AI's role in plagiarism: How can scientists tackle this issue?
Explore how scientists can effectively address the growing issue of AI-induced plagiarism and implement strategies to maintain research integrity.
In recent months, the academic community has been shaken by high-profile plagiarism cases, including the resignation of Harvard’s president and discoveries of copied text in peer reviews. A new challenge has emerged with the rise of generative AI tools, which can create text based on prompts. This development has sparked debate about whether such AI-generated text constitutes plagiarism and under what conditions it should be used.
Jonathan Bailey, a copyright and plagiarism consultant, points out the confusion surrounding AI's role in scholarly writing, noting a spectrum of AI involvement from fully human-written to completely AI-generated content. Generative AI tools like ChatGPT can enhance productivity and clarity but also raise concerns about potential misuse. These tools, which are trained on extensive published works, might inadvertently produce text similar to existing content or be used to mask deliberate plagiarism, complicating the detection of academic dishonesty.
A survey of 1,600 researchers in 2023 revealed that 68% believe AI will both facilitate plagiarism and make it more challenging to identify. Debora Weber-Wulff, a plagiarism expert, notes that the academic community is anxious about the implications of AI and its impact on academic integrity.
AI and plagiarism: Navigating the new frontier
Plagiarism, defined by the US Office of Research Integrity as "the appropriation of another person’s ideas, processes, results, or words without giving appropriate credit," remains a persistent issue. A 2015 study found that 1.7% of scientists admitted to plagiarism, and 30% knew colleagues who had engaged in it.
The advent of large language models (LLMs) like ChatGPT adds complexity to this issue. These AI tools can obscure intentional plagiarism by paraphrasing text in sophisticated manners, such as mimicking the style of academic journals, as noted by Muhammad Abdul-Mageed, a computer scientist and linguist at the University of British Columbia.
A key debate revolves around whether unattributed AI-generated content constitutes plagiarism. Many researchers argue it does not, distinguishing between "unauthorized content generation" and traditional plagiarism. For instance, the European Network for Academic Integrity does not equate the use of AI tools with plagiarism. According to Debora Weber-Wulff, plagiarism implies attribution to an identifiable person, and AI-generated text, even if similar to existing content, often lacks the direct attribution required for plagiarism.
However, some argue that generative AI tools might infringe on copyrights. Rada Mihalcea, a computer scientist at the University of Michigan, highlights that these systems are built on the work of countless individuals. The debate intensified in December 2023 when The New York Times filed a copyright lawsuit against Microsoft and OpenAI, alleging that their LLM, GPT-4, used millions of the newspaper's articles without permission for training purposes. The lawsuit cites instances where GPT-4 generated text closely resembling The New York Times articles.
In response, OpenAI has sought to dismiss parts of the lawsuit, asserting that ChatGPT is not a replacement for subscription-based content, and Microsoft emphasizes that AI tools should advance responsibly without undermining journalism. If the court finds that training AI on text without permission constitutes copyright infringement, it could significantly impact AI companies and their training methodologies.

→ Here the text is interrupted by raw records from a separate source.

(* Let $G$ be an execution graph satisfying $\mathit{BE}(G)$, $T$ a thread, $q$ an iteration index with $\mathit{WI}_G^T(q)$, and $m\le\mathit{len}_G^T(q)$. Write $a=\mathit{start}_G^T(q)+m$ and $b=\mathit{start}_G^T(q+1)+m$. Then: (1) $e_G^T(a)=e_G^T(b)$; (2) $v_G^T(a)=v_G^T(b)$; (3) $k_G^T(a)=k_G^T(b)$; (4) for every register $r$ with $\sigma_G^T(a)(r)\neq\sigma_G^T(b)(r)$ there is $u\in[\mathit{start}_G^T(q):\mathit{end}_G^T(q)]$ with $r\in\mathit{vis}_G^T(u,b)$.
   Context: Programs. There are finite sets $\mathit{Register}$, $\mathit{Value}$, $\mathit{Location}$; $\mathit{State}=\mathit{Register}\to\mathit{Value}$; an update is a partial map $\mathit{Register}\rightharpoonup\mathit{Value}$, and $(\sigma\ll\mu)(r)=\mu(r)$ if $r\in\mathrm{Dom}(\mu)$, else $\sigma(r)$. Events are reads $R^m(x)$, writes $W^m(x,v)$, fences $F^m$, error $E$. A program consists of finitely many threads $T$, each with a finite statement sequence $P_T(0),\dots,P_T(|P_T|-1)$. A statement is $\mathtt{step}(\epsilon,\delta)$ with $\epsilon:\mathit{State}\to\mathit{Event}$, $\delta:\mathit{State}\times(\mathit{Value}\cup\{\bot\})\to\mathit{Update}$, or $\mathtt{await}(n,\kappa)$ with $n\in\mathbb N$, $\kappa:\mathit{State}\to\{0,1\}$. Syntactic restriction: if $P_T(k)=\mathtt{await}(n,\cdot)$ then $n\le k$ and no $P_T(k')$ with $k'\in[k-n:k)$ is an await. ($[a:b)=\{a,\dots,b-1\}$, $[a:b]=\{a,\dots,b\}$.) An execution graph $G$ has a set $G.\mathrm E$ of triples $\langle T,t,e\rangle$ and a partial reads-from map $G.\mathrm{rf}$ from reads to writes. Thread-local semantics: $k_G^T(0)=0$, $\sigma_G^T(0)$ fixed; if $k_G^T(t)\ge|P_T|$ or no triple $\langle T,t,\cdot\rangle$ is in $G.\mathrm E$, execution stops ($N_G^T=t$). Otherwise with $S=P_T(k_G^T(t))$: $e_G^T(t)=\epsilon(\sigma_G^T(t))$ for $S=\mathtt{step}(\epsilon,\cdot)$, $F^{\mathrm{rlx}}$ for an await; $v_G^T(t)$ is the value of the write that $G.\mathrm{rf}$ assigns to $\langle T,t,e_G^T(t)\rangle$ if this is a read with defined rf, else $\bot$. For a step: $k_G^T(t+1)=k_G^T(t)+1$; if $e_G^T(t)$ is a read with $v_G^T(t)=\bot$ then $N_G^T=t+1$, $\sigma_G^T(t+1)=\sigma_G^T(t)$, else $\sigma_G^T(t+1)=\sigma_G^T(t)\ll\delta(\sigma_G^T(t),v_G^T(t))$. For $\mathtt{await}(n,\kappa)$: $\sigma_G^T(t+1)=\sigma_G^T(t)$ and $k_G^T(t+1)=k_G^T(t)+1$ if $\kappa(\sigma_G^T(t))=0$, else $k_G^T(t)-n$. Awaits: $\mathit{end}_G^T(0)<\mathit{end}_G^T(1)<\cdots$ enumerate the steps $t$ at which $P_T(k_G^T(t))$ is an await; $\mathit{len}_G^T(q)=n$ where $P_T(k_G^T(\mathit{end}_G^T(q)))=\mathtt{await}(n,\kappa)$; $\mathit{start}_G^T(q)=\mathit{end}_G^T(q)-\mathit{len}_G^T(q)$; $\mathit{fail}_G^T(q)$ iff $\kappa(\sigma_G^T(\mathit{end}_G^T(q)))=1$. $\mathit{WI}_G^T(q)$ holds iff $\mathit{fail}_G^T(q)$ and for every $m\le\mathit{len}_G^T(q)$ such that $e_G^T(\mathit{start}_G^T(q)+m)$ is a read, the events of steps $\mathit{start}_G^T(q)+m$ and $\mathit{start}_G^T(q+1)+m$ of $T$ are mapped by $G.\mathrm{rf}$ to the same write. Bounded effect. $\delta_G^T(t)=\delta(\sigma_G^T(t),v_G^T(t))$ if $P_T(k_G^T(t))=\mathtt{step}(\cdot,\delta)$ and not ($e_G^T(t)$ is a read and $v_G^T(t)=\bot$); otherwise the empty update. $\mathit{vis}_G^T(t,u)=\mathrm{Dom}(\delta_G^T(t))\setminus\bigcup_{t<u'<u}\mathrm{Dom}(\delta_G^T(u'))$. $F(\mathtt{step}(\epsilon,\delta))=\{\epsilon,\delta\}$, $F(\mathtt{await}(n,\kappa))=\{\kappa\}$. A function $f$ depends on $R\subseteq\mathit{Register}$ iff there are states $\sigma,\sigma'$ with $\sigma(r)=\sigma'(r)$ for all $r\notin R$ and $f(\sigma)\neq f(\sigma')$ (for $f=\delta$: $\delta(\sigma,v)\neq\delta(\sigma',v)$ for some $v$). Step $t$ of $T$ register-reads-from to step $u$ ($t\to_{\mathrm{rrf}}u$) iff $u\ge t$ and some $f\in F(P_T(k_G^T(u)))$ depends on $\mathit{vis}_G^T(t,u)$. $\mathit{BE}(G)$ holds iff for all threads $T$, all $q$ with $\mathit{fail}_G^T(q)$ and all $t\in[\mathit{start}_G^T(q):\mathit{end}_G^T(q))$: $e_G^T(t)$ is not a write, and $t\to_{\mathrm{rrf}}u$ implies $u\in[\mathit{start}_G^T(q):\mathit{end}_G^T(q))$. *)

theory Defs
  imports Main
begin
lemma compact_prob_simplex: "compact prob_simplex"
proof -
  have "prob_simplex \<subseteq> cbox 0 1"
  proof
    fix a assume "a \<in> prob_simplex"
    then have "0 \<le> a$i \<and> a$i \<le> 1" for i
      using member_le_sum[of i UNIV "\<lambda>i. a$i"] by (auto simp: prob_simplex_def)
    then show "a \<in> cbox 0 1" by (simp add: mem_box_cart)
  qed
  moreover have "closed prob_simplex"
    unfolding prob_simplex_def
    by (intro closed_Collect_conj closed_Collect_all closed_Collect_le closed_Collect_eq
        continuous_intros)
  ultimately have "prob_simplex = cbox 0 1 \<inter> prob_simplex" by blast
  also have "compact \<dots>"
    using \<open>closed prob_simplex\<close> by (rule compact_Int_closed[OF compact_cbox])
  finally show ?thesis .
qed

lemma axis_in_prob_simplex: "axis k 1 \<in> prob_simplex"
  by (simp add: prob_simplex_def axis_def)

lemma prob_simplex_segment_to_axis:
  assumes "a \<in> prob_simplex" and "0 \<le> t" and "t \<le> 1"
  shows "(1 - t) *\<^sub>R a + t *\<^sub>R axis k 1 \<in> prob_simplex"
  using assms by (simp add: prob_simplex_def sum.distrib sum_distrib_left[symmetric] axis_def)

lemma mixture_segment_to_axis:
  "mixture S ((1 - t) *\<^sub>R a + t *\<^sub>R axis k 1) = mixture S a + t *\<^sub>R (S k - mixture S a)"
proof -
  have "mixture S ((1 - t) *\<^sub>R a + t *\<^sub>R axis k 1)
      = (1 - t) *\<^sub>R mixture S a + t *\<^sub>R (\<Sum>m\<in>UNIV. axis k 1 $ m *\<^sub>R S m)"
    by (simp add: mixture_def scaleR_add_left sum.distrib scaleR_sum_right)
  also have "(\<Sum>m\<in>UNIV. axis k 1 $ m *\<^sub>R S m) = S k"
    by (simp add: axis_def if_distrib[of "\<lambda>c. c *\<^sub>R _"] cong: if_cong)
  finally show ?thesis
    by (simp add: algebra_simps)
qed

lemma continuous_on_weighted_backlog_mixture:
  "continuous_on A (\<lambda>a. weighted_backlog D \<rho> (mixture S a))"
proof -
  have pos: "continuous_on A (\<lambda>a. pos_part (\<rho> - mixture S a))"
    unfolding mixture_def pos_part_def by (intro continuous_intros)
  have "continuous_on A (\<lambda>a. D *v pos_part (\<rho> - mixture S a))"
    using bounded_linear.continuous_on[OF matrix_vector_mul_bounded_linear pos] .
  with pos show ?thesis
    unfolding weighted_backlog_def by (rule continuous_on_inner)
qed

lemma argmin_weighted_backlog_vertex_le:
  fixes D :: "real^'q^'q"
  assumes diag: "\<forall>i j. i \<noteq> j \<longrightarrow> D $ i $ j = 0" and nonneg: "\<forall>i. 0 \<le> D $ i $ i"
    and a0: "a0 \<in> prob_simplex"
    and min: "\<forall>a\<in>prob_simplex. weighted_backlog D \<rho> (mixture S a0) \<le> weighted_backlog D \<rho> (mixture S a)"
  defines "\<eta> \<equiv> pos_part (\<rho> - mixture S a0)"
  shows "\<eta> \<bullet> (D *v S k) \<le> \<eta> \<bullet> (D *v mixture S a0)"
proof -
  define w where "w = S k - mixture S a0"
  let ?G = "weighted_backlog D \<rho>"
  have "2 * t * (\<eta> \<bullet> (D *v w)) \<le> t\<^sup>2 * (w \<bullet> (D *v w))" if t: "0 < t" "t \<le> 1" for t
  proof -
    have segment: "mixture S ((1 - t) *\<^sub>R a0 + t *\<^sub>R axis k 1) = mixture S a0 + t *\<^sub>R w"
      unfolding w_def by (rule mixture_segment_to_axis)
    have "?G (mixture S a0) \<le> ?G (mixture S a0 + t *\<^sub>R w)"
      unfolding segment[symmetric] using min prob_simplex_segment_to_axis[OF a0] t by simp
    also have "\<dots> \<le> ?G (mixture S a0) - 2 * (\<eta> \<bullet> (D *v (t *\<^sub>R w))) + (t *\<^sub>R w) \<bullet> (D *v (t *\<^sub>R w))"
      unfolding weighted_backlog_def \<eta>_def
      by (rule pos_part_sub_add_quadratic_le[OF diag nonneg])
    finally show ?thesis
      by (simp add: matrix_vector_mult_scaleR power2_eq_square)
  qed
  then have "\<eta> \<bullet> (D *v w) \<le> 0"
    by (rule nonpos_of_quadratic_perturbation)
  then show ?thesis
    by (simp add: w_def matrix_vector_mult_diff_distrib inner_diff)
qed

lemma fixed_point_exists:
  fixes S :: "'m::finite \<Rightarrow> real^'q" and D :: "real^'q^'q" and \<rho> :: "real^'q"
  assumes diag: "\<forall>i j. i \<noteq> j \<longrightarrow> D $ i $ j = 0" and nonneg: "\<forall>i. 0 \<le> D $ i $ i"
  shows "\<exists>\<eta> \<alpha>. is_fixed_point S D \<rho> \<eta> \<alpha>"
proof -
  have "prob_simplex \<noteq> {}"
    using axis_in_prob_simplex by blast
  then obtain a0 where a0: "a0 \<in> prob_simplex"
    and min: "\<forall>a\<in>prob_simplex. weighted_backlog D \<rho> (mixture S a0) \<le> weighted_backlog D \<rho> (mixture S a)"
    using continuous_attains_inf[OF compact_prob_simplex _ continuous_on_weighted_backlog_mixture]
    by blast
  define \<eta> where "\<eta> = pos_part (\<rho> - mixture S a0)"
  have vertex_le: "\<eta> \<bullet> (D *v S k) \<le> (\<Sum>m\<in>UNIV. a0$m * (\<eta> \<bullet> (D *v S m)))" for k
    using argmin_weighted_backlog_vertex_le[OF diag nonneg a0 min]
    unfolding \<eta>_def mixture_def inner_matrix_vector_sum_scaleR .
  have "is_fixed_point S D \<rho> \<eta> (\<lambda>m. a0$m)"
    unfolding is_fixed_point_def
  proof (intro conjI allI impI)
    show "\<eta> = pos_part (\<rho> - (\<Sum>m\<in>UNIV. a0$m *\<^sub>R S m))"
      by (simp add: \<eta>_def mixture_def)
    show "0 \<le> a0$m" "(\<Sum>m\<in>UNIV. a0$m) = 1" for m
      using a0 by (simp_all add: prob_simplex_def)
    show "\<eta> \<bullet> (D *v S k) \<le> \<eta> \<bullet> (D *v S m)" if "0 < a0$m" for m k
      using a0 vertex_le that unfolding prob_simplex_def
      by (intro support_argmax_of_weighted_sum_ge[where \<alpha> = "\<lambda>m. a0$m"]) auto
  qed
  then show ?thesis by blast
qed

theorem lemma10:
  fixes S :: "'m::finite \<Rightarrow> real^'q"
    and D :: "real^'q^'q"
    and \<rho> :: "real^'q"
  assumes S_nonneg: "\<forall>m q. 0 \<le> S m $ q"
    and D_diag: "\<forall>i j. i \<noteq> j \<longrightarrow> D $ i $ j = 0"
    and D_pos: "\<forall>i. 0 < D $ i $ i"
    and rho_pos: "\<forall>q. 0 < \<rho> $ q"
    and rho_out: "\<rho> \<notin> stab_region S"
  shows "\<exists>!\<eta>. \<exists>\<alpha>::'m \<Rightarrow> real.
            \<eta> = pos_part (\<rho> - (\<Sum>m\<in>UNIV. \<alpha> m *\<^sub>R S m)) \<and>
            (\<forall>m. 0 \<le> \<alpha> m) \<and> (\<Sum>m\<in>UNIV. \<alpha> m) = 1 \<and>
            (\<forall>m. 0 < \<alpha> m \<longrightarrow> (\<forall>k. \<eta> \<bullet> (D *v S m) \<ge> \<eta> \<bullet> (D *v S k)))"
  unfolding is_fixed_point_def[symmetric]
proof (rule ex_ex1I)
  show "\<exists>\<eta> \<alpha>. is_fixed_point S D \<rho> \<eta> \<alpha>"
    using fixed_point_exists[OF D_diag] D_pos by (simp add: less_imp_le)
  show "\<eta>1 = \<eta>2" if "\<exists>\<alpha>. is_fixed_point S D \<rho> \<eta>1 \<alpha>" "\<exists>\<alpha>. is_fixed_point S D \<rho> \<eta>2 \<alpha>"
    for \<eta>1 \<eta>2
    using that fixed_point_unique[OF D_diag D_pos] by blast
qed

end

The surge of AI in academic writing
Since the release of ChatGPT in November 2022, the use of AI in academic writing has surged. Research updated in July 2024 estimated that around 10% of abstracts in biomedical papers from the first half of 2024 involved LLMs for writing—equivalent to 150,000 papers annually. Dmitry Kobak and his team at the University of Tübingen analyzed 14 million abstracts from PubMed, published between 2010 and June 2024. Their findings indicated a notable rise in the use of stylistic words like "delves," "showcasing," and "underscores," which were linked to AI-generated content. This shift underscores the profound impact LLMs are having on scientific literature.